Although the state is available directly as an object from any component (via this.$store.state), the preferred method is to access them via Getter methods instead so that the data can be combined, formatted or otherwise transformed before being returned.

Mutations & Actions

Mutations and actions are more confusing as at first glance it seems that only mutations are necessary and actions are just a pointless extra layer. However the logic behind this decision is that mutations directly and synchronously (instantly) change state and have no other side-effects, whereas actions can be dispatched asynchronously, but cannot manipulate state directly, they can only commit mutations. See some comments by Evan on these design decisions here and this example of migrating a simple Vue app to Vuex.

In summary, mutations can be called directly by component, e.g. this.$store.commit(SOME_MUTATATION, options), but should only be done if it's synchronous code calling it. Usually a mutation is done in response to some asynchronous result which would be in the form of a dispatched action. The actions contain asynchronous code and may commit one or more mutations at some point in the future, they can also have other side-effects such as triggering events or updating interface items.

Another good way of looking at mutations compared to actions, is that mutations don't contain any business logic, they're solely concerned with changing the state. While actions never touch the state and are all about business logic and which mutation(s) the logic leads to.

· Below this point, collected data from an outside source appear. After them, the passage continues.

(* Let $\mathbb{F}$ be a field of characteristic not $2$ and let $\Phi: M_n(\mathbb{F}) \to M_r(\mathbb{F})$ be an additive Jordan homomorphism. Then $\Phi$ preserves double zero products, i.e. $\Phi(A)\Phi(B) = \Phi(B)\Phi(A) = 0$ whenever $AB = BA = 0$. If $\mathbb{F} = \mathbb{R}$ or $\mathbb{C}$, then moreover $\Phi(A)\Phi(B) = 0$ whenever $AB = 0$ and $A,B$ are both self-adjoint, or both symmetric.
   Context: An additive map $\Phi$ is a Jordan homomorphism if $\Phi(AB+BA) = \Phi(A)\Phi(B)+\Phi(B)\Phi(A)$ for all $A,B$. Self-adjoint means $A^*=A$ (conjugate transpose), symmetric means $A^{\mathrm t}=A$. *)

theory Defs
  imports "HOL-Analysis.Analysis"
begin

definition additive_map :: "('a::semiring_1^'n^'n \<Rightarrow> 'a^'r^'r) \<Rightarrow> bool" where
  "additive_map \<Phi> \<longleftrightarrow> (\<forall>A B. \<Phi> (A + B) = \<Phi> A + \<Phi> B)"

definition jordan_hom :: "('a::semiring_1^'n^'n \<Rightarrow> 'a^'r^'r) \<Rightarrow> bool" where
  "jordan_hom \<Phi> \<longleftrightarrow> additive_map \<Phi> \<and>
     (\<forall>A B. \<Phi> (A ** B + B ** A) = \<Phi> A ** \<Phi> B + \<Phi> B ** \<Phi> A)"

definition conj_transpose :: "complex^'n^'m \<Rightarrow> complex^'m^'n" where
  "conj_transpose A = (\<chi> i j. cnj (A $ j $ i))"

definition self_adjoint :: "complex^'n^'n \<Rightarrow> bool" where
  "self_adjoint A \<longleftrightarrow> conj_transpose A = A"

definition symmetric_mat :: "'a^'n^'n \<Rightarrow> bool" where
  "symmetric_mat A \<longleftrightarrow> transpose A = A"

end

theory Submission
  imports Defs
begin

text \<open>
  Following Jacobson and Rickart, the images \<open>e\<^sub>i = \<Phi> (E\<^sub>i\<^sub>i)\<close> of the diagonal matrix units are
  orthogonal idempotents summing to \<open>\<Phi> 1\<close>, which acts as a unit on the image of \<open>\<Phi>\<close>. For
  \<open>n \<ge> 2\<close> the corners \<open>e\<^sub>i \<Phi> (E\<^sub>i\<^sub>j) e\<^sub>j\<close> and \<open>e\<^sub>j \<Phi> (E\<^sub>i\<^sub>j) e\<^sub>i\<close> assemble into two mutually
  annihilating systems of matrix units \<open>h\<^sub>i\<^sub>j\<close> and \<open>g\<^sub>i\<^sub>j\<close> (the homomorphic and the
  anti-homomorphic part of \<open>\<Phi>\<close>), and \<open>D\<^sub>i c = \<Phi> (c E\<^sub>i\<^sub>i)\<close> is multiplicative and commutes with
  them. Consequently the \<open>(i, k)\<close> corner of \<open>\<Phi> A \<Phi> B\<close> is
  \<open>D\<^sub>i ((A B)\<^sub>i\<^sub>k) h\<^sub>i\<^sub>k + D\<^sub>i ((B A)\<^sub>k\<^sub>i) g\<^sub>k\<^sub>i\<close>, so \<open>A B = B A = 0\<close> kills every corner and hence
  \<open>\<Phi> A \<Phi> B\<close>; for \<open>n = 1\<close> already \<open>A = 0\<close> or \<open>B = 0\<close>. For symmetric or self-adjoint matrices,
  \<open>A B = 0\<close> implies \<open>B A = 0\<close> by transposition, which reduces the second claim to the first.
\<close>

lemma matrix_add_rdistrib: "((A::'a::semiring_1^'n^'m) + B) ** C = A ** C + B ** C"
  by (simp add: matrix_matrix_mult_def vec_eq_iff sum.distrib[symmetric] distrib_right)

lemma matrix_neg_left: "(- (A::'a::ring_1^'n^'m)) ** B = - (A ** B)"
  by (simp add: matrix_matrix_mult_def vec_eq_iff sum_negf[symmetric])

lemma matrix_neg_right: "(A::'a::ring_1^'n^'m) ** (- B) = - (A ** B)"
  by (simp add: matrix_matrix_mult_def vec_eq_iff sum_negf[symmetric])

Database schemas and querying

MongoDB is a document modelled database not a relational model, see Thinking documents for an intro to the differences.

The most basic type of query is approached the same way, where we can ask for a set of documents (rows) from a collection (table) that fit a certain simple criteria of various properties (columns) being equal to a certain value. For simple queries involving operators other than the default equality operator, query selectors are used. For controlling returned fields, we need to use the feathers-mongoose $select syntax rather than using the Mongo/Mongoose projection parameter (also note that our schema data types use the Mongoose syntax).

For more complex querying requirements, Mongo (and most NoSQL databases) offer the map/reduce pattern, but Mongo also has a mechanism called the aggregation pipeline which allows queries to be "piped" together UNIX style, there are many operators available including map and reduce (good introductory tutorial here). This allows the construction of arbitrarily complex queries involving any number of collections which is Mongo's answer to the missing SQL join functionality.

Unfortunately, the aggregation pipeline is not available to feathers-mongoose services because it's designed to be a generic database abstraction layer that allows different databases to be easily switched in and out with minimal changes to the code. Feathers is extremely flexible though and its default functionality can be overridden to give access to the aggregation pipleline.

We've done this in our SPA by adding a before.find hook which checks if the query has a top-level key called _aggregate, and if so then the data is sent directly to the aggregation method of the Mongoose Model object (note that this occurs on the server side). By setting hook.result to the returned Promise the original find query is cancelled. Here's the content of the hook function we added to before.find.

function(hook) {
	if('_aggregate' in hook.params.query) {
		hook.result = hook.service.Model.aggregate(hook.params.query._aggregate);
	}
}

An aggregation query can then be done using the find method from the Feathers service, for example:

foo.find({
	query: {
		_aggregate: [
			$match: {
				baz: "buz"
			},
			$lookup: {
				from: 'bar',
				localField: '_id',
				foreignField: 'foo_id',
				as: 'bars'
			},
			$project: {
				baz: 1
				bars: 1
			}
		]
	}
});

Note: It's a bit inefficient to have large complex aggregation queries sent from client to server though (the actual object representing the whole query is client side and sent to the server), so this same process can be used to create other custom top-level keys that direct to specific aggregation queries on the server.